I need a better xml administration because all changes you get only by restarting boinc (url changing, skins etc.)

I’m not sure I understand this? Which controls are not updating on a skin change?

1) In the advanced view – Help – first entry starts http://www.rechenkraft.net/manager_links.php?target=advanced . Is it possible to configure this URL in skin.xml? i can only configure the domain.

I’m afraid we are in lockdown for 5.8, that is something we can fix for 5.10 though. Or sooner I suppose.

2) If I click with the right mous button on the icon in the taskbar (windows) and select the first entry the page bam.boincstats.com is loaded. Is this URL configurable?

Nope, when your attached to an account manager, that is their URL.

3) My skin on windows looks good, but on Mac the pictures seems not to fit. See in the middle above “Graphics Available”.
Windows: http://www.altes-beckhaus.com/cf_miko/dlc/rk.jpg
Mac: http://farm1.static.flickr.com/134/332170353_d39c4ca101.jpg?v=0

I’ll send an email to our Mac dev and checkout what is going on.

4) Would be also nice to be able to change the font color in skin.xml (for elapsed time, time remaining, application name,…).

We could introduce this in the 5.10 time frame.

5) There is something wrong with these files:
-background_image
-project_area_background_image
-dialog_background_image
-workunit_area_background_image
If the format is “.jpg” such as documented in Creating Skins the Manager shows only standard, with “.png” no problem.

Does stderrgui.txt have an entry stating it failed to load each of those images defined in your skin? It is only supposed to use the default images if wxWidgets throws an error while attempting to load the image. Which tool are you using to create a jpg file?

The current beta linux clients show about a 10% improvement in benchmarks. Is this as good as it gets, or are further improvements likely in the future?

That was from Tekwyzrd. I’m sure he and others will figure out more generic ways to speed up the client.

—– Rom

BOINC Q&A — 22/12/06

During the install of BOINC as a Windows service, you are required to enter an account which will be used to launch the BOINC service. Why do you need this? I can manually convert the service over to “Local System” without requiring credentials at all and it still seems to work OK.

“LocalSystem” is a special account, it has more permissions on the system then even the administrator account.

My goal in setting up the installer that way was to try and get people to be a little more paranoid about which account they were going to use as the service account.

For instance if you use your computer to track your finances you probably don’t want to be running BOINC using the LocalSystem account.
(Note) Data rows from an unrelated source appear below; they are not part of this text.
lemma emeasure_nondesc_desc_tree_only:
  assumes q: "\<And>x. pmf P x = (if valid_rtree x then q (fst x) else 0)" and n: "n \<in> leaf_rooted"
  shows "emeasure (measure_pmf P) {x. nondesc_tree x = n \<and> desc_tree x \<in> A}
    = (\<integral>\<^sup>+d. ennreal (q (fst (graft_root n d))) * indicator A d \<partial>count_space UNIV)"
proof -
  let ?g = "\<lambda>n. \<integral>\<^sup>+d. ennreal (pmf P (graft_root n d)) * indicator A d \<partial>count_space UNIV"
  have "emeasure (measure_pmf P) {x. nondesc_tree x \<in> {n} \<and> desc_tree x \<in> A}
      = (\<integral>\<^sup>+n'. indicator (leaf_rooted \<inter> {n}) n' * ?g n' \<partial>count_space UNIV)"
    using q by (intro emeasure_nondesc_desc) simp
  also have "\<dots> = (\<integral>\<^sup>+n'. ?g n' * indicator {n} n' \<partial>count_space UNIV)"
    using n by (intro nn_integral_cong) (simp split: split_indicator)
  finally show ?thesis
    using n by (simp add: q valid_graft_root)
qed

lemma emeasure_nondesc_tree_only:
  assumes "\<And>x. pmf P x = (if valid_rtree x then q (fst x) else 0)" "n \<in> leaf_rooted"
  shows "emeasure (measure_pmf P) {x. nondesc_tree x = n}
    = (\<integral>\<^sup>+d. ennreal (q (fst (graft_root n d))) \<partial>count_space UNIV)"
  using emeasure_nondesc_desc_tree_only[OF assms, of UNIV] by simp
Even if you initially removed permissions from your financial records for the LocalSystem account any process running under that account can take ownership of those files and read them anyway.

We actually talked about the whole trust thing at the conference, how do we as a community know if a new project is trust worthy? How do we know their application is doing what it claims to be doing?

As an off shoot of that conversation, how do we minimize the damages a potential project can cause on a computer system? The most obvious answer is don’t run as LocalSystem/Administrator/root.

The safest way to run BOINC as a service is to create a limited user account just for the BOINC service.